**Task to complete**
Check each line of the entries. Copy the ones that contain the string "open".

[Record extracts]

(* Let $\mathcal{X}\subset\mathbb{R}^d$ be bounded and $\mathcal{Y}\subset\mathbb{R}$. Let $p_{\mathcal{D}}$ (the data source distribution) and $p_{\mathcal{L}}$ (the training data distribution) be probability densities on $\mathcal{X}\times\mathcal{Y}$ with marginals $p_{\mathcal{X}_{\mathcal{D}}}(\mathbf{x})=\int_{\mathcal{Y}}p_{\mathcal{D}}(\mathbf{x},y)\,dy$ and $p_{\mathcal{X}_{\mathcal{L}}}(\mathbf{x})=\int_{\mathcal{Y}}p_{\mathcal{L}}(\mathbf{x},y)\,dy$, and with common conditional density $p(y\mid\mathbf{x}):=p_{\mathcal{D}}(y\mid\mathbf{x})=p_{\mathcal{L}}(y\mid\mathbf{x})$. Let $\mathcal{L}=\{(\mathbf{x}_j,y_j)\}_{j=1}^b$ be a labeled set with locations $\mathcal{L}_{\mathcal{X}}=\{\mathbf{x}_j\}_{j=1}^b$ sampled from $p_{\mathcal{L}}$, let $m_{\mathcal{L}}\in\mathcal{M}$ be a regression model trained on $\mathcal{L}$, and let $l:\mathcal{X}\times\mathcal{Y}\times\mathcal{M}\to\mathbb{R}^+$ be an error function. Write $\mathbb{E}[\,\cdot\mid\mathbf{x}]$ for expectation of $Y$ with respect to $p(y\mid\mathbf{x})$. Assume: (A1) For every $\mathbf{x}_q\in\mathcal{X}$, $\mathbb{E}[|Y|\mid\mathbf{x}_q]<\infty$, and there is $\epsilon\ge 0$ with $\mathbb{E}\big[\,|Y-\mathbb{E}[Y\mid\mathbf{x}_q]|\,\big|\,\mathbf{x}_q\big]\le\epsilon$ for all $\mathbf{x}_q\in\mathcal{X}$; moreover there is $\lambda_p\in\mathbb{R}^+$ with $|\mathbb{E}[Y\mid\hat{\mathbf{x}}]-\mathbb{E}[Y\mid\tilde{\mathbf{x}}]|\le\lambda_p\|\hat{\mathbf{x}}-\tilde{\mathbf{x}}\|_2$ for all $\hat{\mathbf{x}},\tilde{\mathbf{x}}\in\mathcal{X}$. (A2) There is $\epsilon_{\mathcal{L}}\ge 0$ with $\mathbb{E}[l(\mathbf{x}_j,Y,m_{\mathcal{L}})\mid\mathbf{x}_j]\le\epsilon_{\mathcal{L}}$ for every $(\mathbf{x}_j,y_j)\in\mathcal{L}$; for every $y\in\mathcal{Y}$ the map $l(\cdot,y,m_{\mathcal{L}})$ is $\lambda_{l_{\mathcal{X}}}$-Lipschitz; and for every $\mathbf{x}\in\mathcal{X}$ the map $l(\mathbf{x},\cdot,m_{\mathcal{L}})$ is $\lambda_{l_{\mathcal{Y}}}$-Lipschitz and convex, with $\mathbb{E}[|l(\mathbf{x},Y,m_{\mathcal{L}})|\mid\mathbf{x}]<\infty$. Then, with $C:=\lambda_{l_{\mathcal{X}}}+\lambda_{l_{\mathcal{Y}}}\lambda_p$, $$\mathbb{E}_{p_{\mathcal{D}}}[l(\mathbf{X},Y,m_{\mathcal{L}})]\le C\,W_{\mathcal{L}_{\mathcal{X}},\mathcal{X}}(p_{\mathcal{X}_{\mathcal{L}}}\,\|\,p_{\mathcal{X}_{\mathcal{D}}})+\lambda_{l_{\mathcal{Y}}}\epsilon+\epsilon_{\mathcal{L}}+\mathbb{E}_{p_{\mathcal{L}}}[l(\mathbf{X},Y,m_{\mathcal{L}})],$$ where $W_{\mathcal{L}_{\mathcal{X}},\mathcal{X}}$ is the weighted fill distance defined in the context.
   Context: The weighted fill distance of $\mathcal{L}_{\mathcal{X}}=\{\mathbf{x}_j\}_{j=1}^b\subset\mathcal{X}$ in $\mathcal{X}$ with respect to $p_{\mathcal{X}_{\mathcal{D}}}$ is $$W_{\mathcal{L}_{\mathcal{X}},\mathcal{X}}(p_{\mathcal{X}_{\mathcal{L}}}\,\|\,p_{\mathcal{X}_{\mathcal{D}}}):=\sup_{\mathbf{x}\in\mathcal{X}}\min_{\mathbf{x}_j\in\mathcal{L}_{\mathcal{X}}}\|\mathbf{x}-\mathbf{x}_j\|_2\,\psi_{\mathcal{L}_{\mathcal{X}}}(\mathbf{x}),$$ with weight function $\psi_{\mathcal{L}_{\mathcal{X}}}(\mathbf{x})=1-p_{\mathcal{X}_{\mathcal{L}}}(\mathbf{x})/p_{\mathcal{X}_{\mathcal{D}}}(\mathbf{x})$ if $p_{\mathcal{X}_{\mathcal{D}}}(\mathbf{x})\neq 0$ and $\psi_{\mathcal{L}_{\mathcal{X}}}(\mathbf{x})=0$ otherwise. $\mathbb{E}_{p}[l(\mathbf{X},Y,m_{\mathcal{L}})]$ denotes the expectation of $l(\mathbf{X},Y,m_{\mathcal{L}})$ with $(\mathbf{X},Y)\sim p$, for fixed trained model $m_{\mathcal{L}}$. *)

theory Defs
  imports "HOL-Analysis.Analysis"
begin

definition prob_density_on :: "'b::euclidean_space set \<Rightarrow> ('b \<Rightarrow> real) \<Rightarrow> bool" where
  "prob_density_on S p \<longleftrightarrow> p \<in> borel_measurable lborel \<and> (\<forall>z\<in>S. 0 \<le> p z)
     \<and> set_integrable lborel S p \<and> (LINT z:S|lborel. p z) = 1"

definition marginal :: "('a::euclidean_space \<times> real \<Rightarrow> real) \<Rightarrow> real set \<Rightarrow> 'a \<Rightarrow> real" where
  "marginal p Y x = (LINT y:Y|lborel. p (x, y))"

text \<open>Conditional expectation E[f(Y) | x] w.r.t. the conditional density q(y|x) = q x y on Y.\<close>
definition cond_expect :: "('a \<Rightarrow> real \<Rightarrow> real) \<Rightarrow> real set \<Rightarrow> 'a \<Rightarrow> (real \<Rightarrow> real) \<Rightarrow> real" where
  "cond_expect q Y x f = (LINT y:Y|lborel. q x y * f y)"

definition joint_expect :: "('a::euclidean_space \<times> real \<Rightarrow> real) \<Rightarrow> 'a set \<Rightarrow> real set
    \<Rightarrow> ('a \<Rightarrow> real \<Rightarrow> real) \<Rightarrow> real" where
  "joint_expect p X Y g = (LINT z:(X \<times> Y)|lborel. p z * g (fst z) (snd z))"

definition fill_weight :: "('a \<Rightarrow> real) \<Rightarrow> ('a \<Rightarrow> real) \<Rightarrow> 'a \<Rightarrow> real" where
  "fill_weight pXL pXD x = (if pXD x \<noteq> 0 then 1 - pXL x / pXD x else 0)"

definition weighted_fill_distance ::
  "'a::euclidean_space set \<Rightarrow> 'a set \<Rightarrow> ('a \<Rightarrow> real) \<Rightarrow> ('a \<Rightarrow> real) \<Rightarrow> real" where
  "weighted_fill_distance LX X pXL pXD =
     (SUP x\<in>X. Min ((\<lambda>xj. norm (x - xj)) ` LX) * fill_weight pXL pXD x)"

end

(*
  Let g x be the conditional risk E[l(x, Y, m_L) | x]. Because both joint densities factor
  through the same conditional density q, Fubini gives
    E_pD[l] - E_pL[l] = \<integral>_X (p_XD - p_XL) g = \<integral>_X p_XD \<psi> g,
  so it suffices to bound \<psi> x * g x by C W + \<lambda>_lY \<epsilon> + \<epsilon>_L pointwise. For a nearest training
  location x_j, Lipschitz continuity of l in x, Lipschitz continuity of l in y around the
  conditional mean, Lipschitz continuity of the conditional mean and Jensen's inequality give
    g x \<le> g x_j + \<lambda>_lY \<epsilon> + C |x - x_j| \<le> \<epsilon>_L + \<lambda>_lY \<epsilon> + C |x - x_j|,
  and multiplying by \<psi> x \<le> 1 and taking the supremum over x produces the weighted fill distance.
*)

theory Submission
  imports Defs
begin

section \<open>Probability densities on the real line\<close>

lemma prob_density_onD:
  assumes "prob_density_on S p"
  shows "p \<in> borel_measurable lborel" "\<And>z. z \<in> S \<Longrightarrow> 0 \<le> p z"
    "set_integrable lborel S p" "(LINT z:S|lborel. p z) = 1"
  using assms unfolding prob_density_on_def by auto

[/Record extracts]

**Completed exercise**
text \<open>Conditional expectation E[f(Y) | x] w.r.t. the conditional density q(y|x) = q x y on Y.\<close>
section \<open>Probability densities on the real line\<close>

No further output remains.